# Fifa 13 Usato



## Ronaldinho_89 (22 Marzo 2013)

Ma comprando Fifa 13 usato, si può giocare ugualmente online con altre persone?


----------



## juventino (22 Marzo 2013)

Credo che per giocare online ti tocchi comprare anche un nuovo pass online, ovvero il codice di EA per sbloccare il gioco online.


----------



## Butcher (22 Marzo 2013)

Se il tipo da cui l'hai comprato non ha usato il pass online. Altrimenti devi comprarti pure il pass dallo store.


----------



## Jino (22 Marzo 2013)

Esatto, dipende se il pass è stato usato, ma quasi certamente si. Comunque FIFA lo si trova a 39€ in internet, nuovo.


----------



## Fabriman94 (22 Marzo 2013)

Jino ha scritto:


> Esatto, dipende se il pass è stato usato, ma quasi certamente si. Comunque FIFA lo si trova a 39€ in internet, nuovo.
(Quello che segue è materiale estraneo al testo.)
(* Let $\mathcal{U}\subseteq\mathcal{E}$ be any dead-ending universe. Then $\mathcal{D}(\mathcal{U}\cap\mathcal{L})=\mathcal{U}$.
   Context: Games are finite partizan games. A universe is a set of games closed under options, disjunctive sums, conjugates (swapping roles of Left and Right), and forming $\{\mathscr{G}^L\mid\mathscr{G}^R\}$ from nonempty finite subsets of it. $\mathcal{D}(\mathcal{A})$ denotes the smallest universe containing $\mathcal{A}$. A Left (Right) end has no Left (Right) option; a Left (Right) dead-end is a game all of whose subpositions are Left (Right) ends; $\mathcal{L}$ is the set of Left dead-ends. $\mathcal{E}$ is the set of games every end-subposition of which is a (Left or Right) dead-end; a universe contained in $\mathcal{E}$ is dead-ending. *)

theory Defs
  imports Main "HOL-Library.FSet"
begin

datatype game = Game (lefts: "game fset") (rights: "game fset")

lemma size_lefts: "x |\<in>| lefts g \<Longrightarrow> size x < size g"
proof (cases g)
  case (Game L R)
  assume "x |\<in>| lefts g"
  then have "x \<in> fset L" using Game by simp
  then have "Suc (size x) \<le> (\<Sum>y\<in>fset L. Suc (size y))"
    by (intro member_le_sum) auto
  then show ?thesis using Game by simp
qed

lemma size_rights: "x |\<in>| rights g \<Longrightarrow> size x < size g"
proof (cases g)
  case (Game L R)
  assume "x |\<in>| rights g"
  then have "x \<in> fset R" using Game by simp
  then have "Suc (size x) \<le> (\<Sum>y\<in>fset R. Suc (size y))"
    by (intro member_le_sum) auto
  then show ?thesis using Game by simp
qed

function gsum :: "game \<Rightarrow> game \<Rightarrow> game" where
  "gsum g h = Game
     ((\<lambda>x. gsum x h) |`| lefts g |\<union>| (\<lambda>y. gsum g y) |`| lefts h)
     ((\<lambda>x. gsum x h) |`| rights g |\<union>| (\<lambda>y. gsum g y) |`| rights h)"
  by auto
termination
  by (relation "measure (\<lambda>(g, h). size g + size h)")
     (auto dest: size_lefts size_rights)

primrec conjugate :: "game \<Rightarrow> game" where
  "conjugate (Game L R) = Game (conjugate |`| R) (conjugate |`| L)"

definition is_option :: "game \<Rightarrow> game \<Rightarrow> bool" where
  "is_option x g \<longleftrightarrow> x |\<in>| lefts g \<or> x |\<in>| rights g"

inductive subpos :: "game \<Rightarrow> game \<Rightarrow> bool" where
  refl: "subpos g g"
| step: "subpos h g \<Longrightarrow> is_option x h \<Longrightarrow> subpos x g"

definition universe :: "game set \<Rightarrow> bool" where
  "universe U \<longleftrightarrow>
     (\<forall>g\<in>U. \<forall>x. is_option x g \<longrightarrow> x \<in> U) \<and>
     (\<forall>g\<in>U. \<forall>h\<in>U. gsum g h \<in> U) \<and>
     (\<forall>g\<in>U. conjugate g \<in> U) \<and>
     (\<forall>A B. A \<noteq> {||} \<and> B \<noteq> {||} \<and> fset A \<subseteq> U \<and> fset B \<subseteq> U \<longrightarrow> Game A B \<in> U)"

definition univ_closure :: "game set \<Rightarrow> game set" ("\<D>") where
  "\<D> A = \<Inter> {U. universe U \<and> A \<subseteq> U}"

definition left_end :: "game \<Rightarrow> bool" where
  "left_end g \<longleftrightarrow> lefts g = {||}"

definition right_end :: "game \<Rightarrow> bool" where
  "right_end g \<longleftrightarrow> rights g = {||}"

definition left_dead_end :: "game \<Rightarrow> bool" where
  "left_dead_end g \<longleftrightarrow> (\<forall>h. subpos h g \<longrightarrow> left_end h)"

definition right_dead_end :: "game \<Rightarrow> bool" where
  "right_dead_end g \<longleftrightarrow> (\<forall>h. subpos h g \<longrightarrow> right_end h)"

definition Ldead :: "game set" where
  "Ldead = {g. left_dead_end g}"

definition Edead :: "game set" where
  "Edead = {g. \<forall>h. subpos h g \<longrightarrow> (left_end h \<or> right_end h) \<longrightarrow>
                    left_dead_end h \<or> right_dead_end h}"

definition dead_ending :: "game set \<Rightarrow> bool" where
  "dead_ending U \<longleftrightarrow> universe U \<and> U \<subseteq> Edead"

end

theory Submission
  imports Defs
begin

text \<open>A game with both a Left and a Right option is built from its options by the constructor
under which every universe is closed, so by induction a universe containing the ends of \<open>U\<close>
contains \<open>U\<close>. In a dead-ending universe an end is a Left dead-end, hence in \<open>U \<inter> Ldead\<close>,
or a Right dead-end, hence the conjugate of a member of \<open>U \<inter> Ldead\<close>.\<close>

lemma lefts_conjugate [simp]: "lefts (conjugate g) = conjugate |`| rights g"
  by (cases g) simp

lemma rights_conjugate [simp]: "rights (conjugate g) = conjugate |`| lefts g"
  by (cases g) simp

lemma conjugate_conjugate [simp]: "conjugate (conjugate g) = g"
  by (induction g) (auto simp: fset.map_comp intro: fset.map_ident_strong)

lemma subpos_conjugateE:
  assumes "subpos h (conjugate g)"
  obtains h' where "subpos h' g" and "h = conjugate h'"
  using assms
proof (induction h "conjugate g" arbitrary: thesis rule: subpos.induct)
  case refl
  then show ?case using subpos.refl by blast
next
  case (step h x)
  then obtain h' where "subpos h' g" "h = conjugate h'" by blast
  moreover from step.hyps(3) this(2) obtain y where "is_option y h'" "x = conjugate y"
    by (cases h') (auto simp: is_option_def)
  ultimately show ?case using step.prems subpos.step by blast
qed

lemma left_dead_end_conjugate: "right_dead_end g \<Longrightarrow> left_dead_end (conjugate g)"
  unfolding left_dead_end_def right_dead_end_def left_end_def right_end_def
proof (intro allI impI)
  fix h assume "\<forall>h. subpos h g \<longrightarrow> rights h = {||}" and "subpos h (conjugate g)"
  then show "lefts h = {||}" by (elim subpos_conjugateE) simp
qed

lemma universe_option: "universe U \<Longrightarrow> g \<in> U \<Longrightarrow> is_option x g \<Longrightarrow> x \<in> U"
  unfolding universe_def by (elim conjE) blast

lemma universe_conjugate: "universe U \<Longrightarrow> g \<in> U \<Longrightarrow> conjugate g \<in> U"
  unfolding universe_def by (elim conjE) blast

lemma universe_Game:
  "universe U \<Longrightarrow> A \<noteq> {||} \<Longrightarrow> B \<noteq> {||} \<Longrightarrow> fset A \<subseteq> U \<Longrightarrow> fset B \<subseteq> U \<Longrightarrow> Game A B \<in> U"
  unfolding universe_def by (elim conjE) blast

lemma univ_closure_subset: "universe U \<Longrightarrow> A \<subseteq> U \<Longrightarrow> \<D> A \<subseteq> U"
  unfolding univ_closure_def by blast

lemma subset_univ_closureI: "(\<And>V. universe V \<Longrightarrow> A \<subseteq> V \<Longrightarrow> B \<subseteq> V) \<Longrightarrow> B \<subseteq> \<D> A"
  unfolding univ_closure_def by blast

lemma Edead_end_dead_end:
  "g \<in> Edead \<Longrightarrow> left_end g \<or> right_end g \<Longrightarrow> left_dead_end g \<or> right_dead_end g"
  unfolding Edead_def using subpos.refl by blast

lemma dead_ending_end_cases:
  assumes "dead_ending U" and "g \<in> U" and "left_end g \<or> right_end g"
  shows "g \<in> U \<inter> Ldead \<or> conjugate g \<in> U \<inter> Ldead"
proof -
  have U: "universe U" and "g \<in> Edead" using assms(1,2) unfolding dead_ending_def by auto
  with assms(3) consider "left_dead_end g" | "right_dead_end g" by (blast dest: Edead_end_dead_end)
  then show ?thesis
  proof cases
    case 1
    then show ?thesis using assms(2) unfolding Ldead_def by blast
  next
    case 2
    then have "left_dead_end (conjugate g)" by (rule left_dead_end_conjugate)
    then show ?thesis using universe_conjugate[OF U assms(2)] unfolding Ldead_def by blast
  qed
qed

lemma dead_ending_subset_universe:
  assumes "dead_ending U" and "universe V" and "U \<inter> Ldead \<subseteq> V"
  shows "U \<subseteq> V"
proof
  fix g assume "g \<in> U"
  then show "g \<in> V"
  proof (induction g)
    case (Game L R)
    show ?case
    proof (cases "L = {||} \<or> R = {||}")
      case False
      have "is_option x (Game L R) \<Longrightarrow> x \<in> U" for x
        using assms(1) Game.prems unfolding dead_ending_def by (blast intro: universe_option)
      then have "fset L \<subseteq> V" "fset R \<subseteq> V"
        using Game.IH unfolding is_option_def by auto
      with False show ?thesis by (blast intro: universe_Game[OF assms(2)])
    next
      case True
      then have "left_end (Game L R) \<or> right_end (Game L R)"
        by (simp add: left_end_def right_end_def)
      then have "Game L R \<in> U \<inter> Ldead \<or> conjugate (Game L R) \<in> U \<inter> Ldead"
        by (rule dead_ending_end_cases[OF assms(1) Game.prems])
      then show ?thesis
        using assms(3) universe_conjugate[OF assms(2), of "conjugate (Game L R)"]
        by (metis conjugate_conjugate subsetD)
    qed
  qed
qed

theorem mainTheorem10:
  assumes "universe U" and "U \<subseteq> Edead"
  shows "\<D> (U \<inter> Ldead) = U"
proof
  show "\<D> (U \<inter> Ldead) \<subseteq> U" using assms(1) by (rule univ_closure_subset) blast
  have "dead_ending U" using assms unfolding dead_ending_def ..
  show "U \<subseteq> \<D> (U \<inter> Ldead)"
  proof (rule subset_univ_closureI)
    fix V assume "universe V" and "U \<inter> Ldead \<subseteq> V"
    with \<open>dead_ending U\<close> show "U \<subseteq> V" by (rule dead_ending_subset_universe)
  qed
qed

end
Concordo, perchè comprare gli usati a poco prezzo, quando i giochi nuovi stanno ad un prezzo più o meno uguale. Il tutto se si fanno acquisti online ovviamente.


----------



## Devil May Cry (22 Marzo 2013)

26 euro e 90 su babbano.com
Personalmente non ho mai comprato nulla da li,ma si internet dicono che sia affidabile.
Loro ti inviano il codice e poi tu lo scarichi da origin e poi ci giochi e via.


----------



## Jino (23 Marzo 2013)

Fabriman94 ha scritto:


> Concordo, perchè comprare gli usati a poco prezzo, quando i giochi nuovi stanno ad un prezzo più o meno uguale. Il tutto se si fanno acquisti online ovviamente.



Infatti il problema dell'usato è spesso questo, che secondo me hanno prezzi esagerati, molto spesso. Esempio? A volte trovo giochi nuovi a 35€, all'usato lo vedo per 25€. Cioè a questo punto me lo prendo nuovo. Magari direte che 10 euro non sono pochi, avrete ragione, ma per me non sono abbastanza per giustificare l'acquisto dell'usato


----------



## Darren Marshall (24 Marzo 2013)

Jino ha scritto:


> Infatti il problema dell'usato è spesso questo, che secondo me hanno prezzi esagerati, molto spesso. Esempio? A volte trovo giochi nuovi a 35€, all'usato lo vedo per 25€. Cioè a questo punto me lo prendo nuovo. Magari direte che 10 euro non sono pochi, avrete ragione, ma per me non sono abbastanza per giustificare l'acquisto dell'usato



Ma perchè il prezzo dell'usato da gamestop?!


----------



## Jino (24 Marzo 2013)

Darren Marshall ha scritto:


> Ma perchè il prezzo dell'usato da gamestop?!



Da gamestop l'usato è una cosa ABOMINEVOLE


----------



## Darren Marshall (24 Marzo 2013)

Jino ha scritto:


> Da gamestop l'usato è una cosa ABOMINEVOLE



Direi che gamestop è abominevole in generale


----------



## Jino (24 Marzo 2013)

Tra l'altro la politica di darti il gioco con la confezione già aperta è una qualcosa di scandaloso. Non hai nessuna garanzia che realmente il disco sia nuovo. Bah.


----------



## S T B (26 Marzo 2013)

ogni anno FIFA nuovo me lo regalano per il mio compleanno che è a novembre... però pensavo di dar via i miei vecchi FIFA 11 e 12.. secondo voi quanto mi darebbero al gamestop? 5 euro?


----------